Федор вжал рычаг ручного акселератора. Нещадно дымя моторами, колонна александровцев вкатилась в деревню — телегу отпихнул бампером сам Две Мишени.

Грузовики опоясало огнём — младший возраст азартно палил во все стороны. Малёк рядом с Фёдором опорожнил три магазина.

Надо сказать, это подействовало. В сторону прорывающейся колонны раздалось лишь несколько разрозненных выстрелов, всех, кто выскакивал навстречу и вскидывал винтовку, почти что сносило очередями фёдоровок.

Слава тебе, Господи, и тебе, Царица Небесная, слава, что надоумили взломать тогда цейхгаузы…

Деревню проскочили. Вслед им стреляли, но плохо, всё мимо. Если когда-то эти солдаты запасных полков и умели стрелять, то всё перезабыли.

— Как я их! Как я их! — подпрыгивал рядом с Федором младший кадет.

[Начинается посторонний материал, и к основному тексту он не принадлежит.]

lemma delta_term_Suc_bounds: "0 \<le> delta_term (Suc n) \<and> delta_term (Suc n) \<le> (1 / 4) ^ n"
proof -
  have H: "0 \<le> Hp 4 n" "Hp 4 n \<le> real (Suc n)"
    unfolding Hp_def using sum_bounded_above[of "{1..n}" "\<lambda>k. 1 / real k ^ 4" 1]
    by (auto intro: sum_nonneg)
  have Q: "0 \<le> jet0 (block_prod n)"
    using jet_dominated_block_prod by (simp add: jet_dominated_def)
  have "9 * delta_term (Suc n) = 3 * Hp 4 n * jet0 (block_prod n) * (3 / (2 * real (Suc n)))"
    by (simp add: delta_term_Suc_eq M_column_def)
  also have "\<dots> \<le> 3 * real (Suc n) * jet0 (block_prod n) * (3 / (2 * real (Suc n)))"
    using H Q by (intro mult_right_mono) auto
  also have "\<dots> = 9 / 2 * jet0 (block_prod n)"
    by (simp add: field_simps del: of_nat_Suc)
  also have "\<dots> \<le> 9 * (1 / 4) ^ n"
    using jet0_block_prod_le[of n] Q by simp
  finally show ?thesis
    using H by (simp add: delta_term_def)
qed

lemma summable_delta_term: "summable (\<lambda>n. delta_term (n + 1))"
  by (rule summable_comparison_test'[OF summable_geometric[of "1 / 4"]]) (use delta_term_Suc_bounds in auto)

lemma delta_pos: "0 < delta"
proof -
  have "delta_term (Suc 1) = 1 / 24"
    by (simp add: delta_term_def Hp_def numeral_eq_Suc)
  then have "0 < (\<Sum>n. delta_term (n + 1))"
    using summable_delta_term delta_term_Suc_bounds by (intro suminf_pos2[of _ 1]) auto
  then show ?thesis
    by (simp add: delta_def)
qed

lemma column_sum_coeff_tendsto:
  "(\<lambda>N. jet_coeff (\<Sum>n<N. block_prod n * M_column (Suc n)) i)
    \<longlonglongrightarrow> jet_coeff (zeta_jet + jet_const delta * jet_var ^ 2) i"
proof -
  have "jet_coeff (\<Sum>n<N. block_prod n * M_column (Suc n)) i
      = wz_row_sum i 0 - wz_row_sum i N + (if i = 2 then 9 * (\<Sum>n<N. delta_term (n + 1)) else 0)" for N
    unfolding jet_coeff_sum jet_coeff_column_term sum.distrib wz_row_sum_telescope
    by (simp add: sum_distrib_left)
  moreover have "(\<lambda>N. wz_row_sum i 0 - wz_row_sum i N + (if i = 2 then 9 * (\<Sum>n<N. delta_term (n + 1)) else 0))
      \<longlonglongrightarrow> wz_row_sum i 0 - 0 + (if i = 2 then delta else 0)"
  proof -
    have "(\<lambda>N. wz_row_sum i 0 - wz_row_sum i N) \<longlonglongrightarrow> wz_row_sum i 0 - 0"
      by (intro tendsto_intros wz_row_sum_tendsto_0)
    moreover have "(\<lambda>N. 9 * (\<Sum>n<N. delta_term (n + 1))) \<longlonglongrightarrow> delta"
      unfolding delta_def by (intro tendsto_intros summable_LIMSEQ summable_delta_term)
    ultimately show ?thesis
      by (cases "i = 2") (simp_all add: tendsto_add)
  qed
  ultimately show ?thesis
    by (cases "i = 2") (simp_all add: wz_row_sum_0)
qed

theorem mainTheorem5:
  shows "summable (\<lambda>n. delta_term (n + 1))
    \<and> Mprod \<longlonglongrightarrow>
        (vector [vector [0, 0, 0, zeta_nat 6 + delta],
                 vector [0, 0, 0, zeta_nat 4],
                 vector [0, 0, 0, zeta_nat 2],
                 vector [0, 0, 0, 1]] :: real^4^4)
    \<and> delta > 0"
proof -
  have "(\<lambda>N. jet_coeff (block_prod N) i) \<longlonglongrightarrow> jet_coeff 0 i" for i
    using block_prod_coeff_tendsto_0 by simp
  then have "Mprod \<longlonglongrightarrow> jet_matrix 0 (zeta_jet + jet_const delta * jet_var ^ 2)"
    unfolding Mprod_eq_jet_matrix[abs_def] by (intro tendsto_jet_matrix column_sum_coeff_tendsto)
  also have "jet_matrix 0 (zeta_jet + jet_const delta * jet_var ^ 2) =
      vector [vector [0, 0, 0, zeta_nat 6 + delta],
              vector [0, 0, 0, zeta_nat 4],
              vector [0, 0, 0, zeta_nat 2],
              vector [0, 0, 0, 1]]"
    by (simp add: jet_matrix_def zeta_jet_def power2_eq_square)
  finally show ?thesis
    using summable_delta_term delta_pos by blast
qed

end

У Федора перед глазами вновь встали падающие фигуры в длиннополых шинелях, так и не успевшие развернуть пулемёт. А, может, не успевшие зарядить.

Запасники. Бородатые немолодые мужики, призванные «на сборы» и «предавшиеся бунту». Почему, отчего?..

Федя Солонов не знал ответа. Глаза помнили лозунги над толпами, кое-как намалеванные на полотнищах алой, белой, чётной ткани — из разбитых складов мануфактур Торнтона; но надписи путались в памяти, сознание отказывалось извлекать из них смысл. Всё больше «Свобода!» да «Долой самодержавие!»; были и иные, типа «Смерть капиталу!» или «Да здравствует республика!»; остальных Федор не запомнил.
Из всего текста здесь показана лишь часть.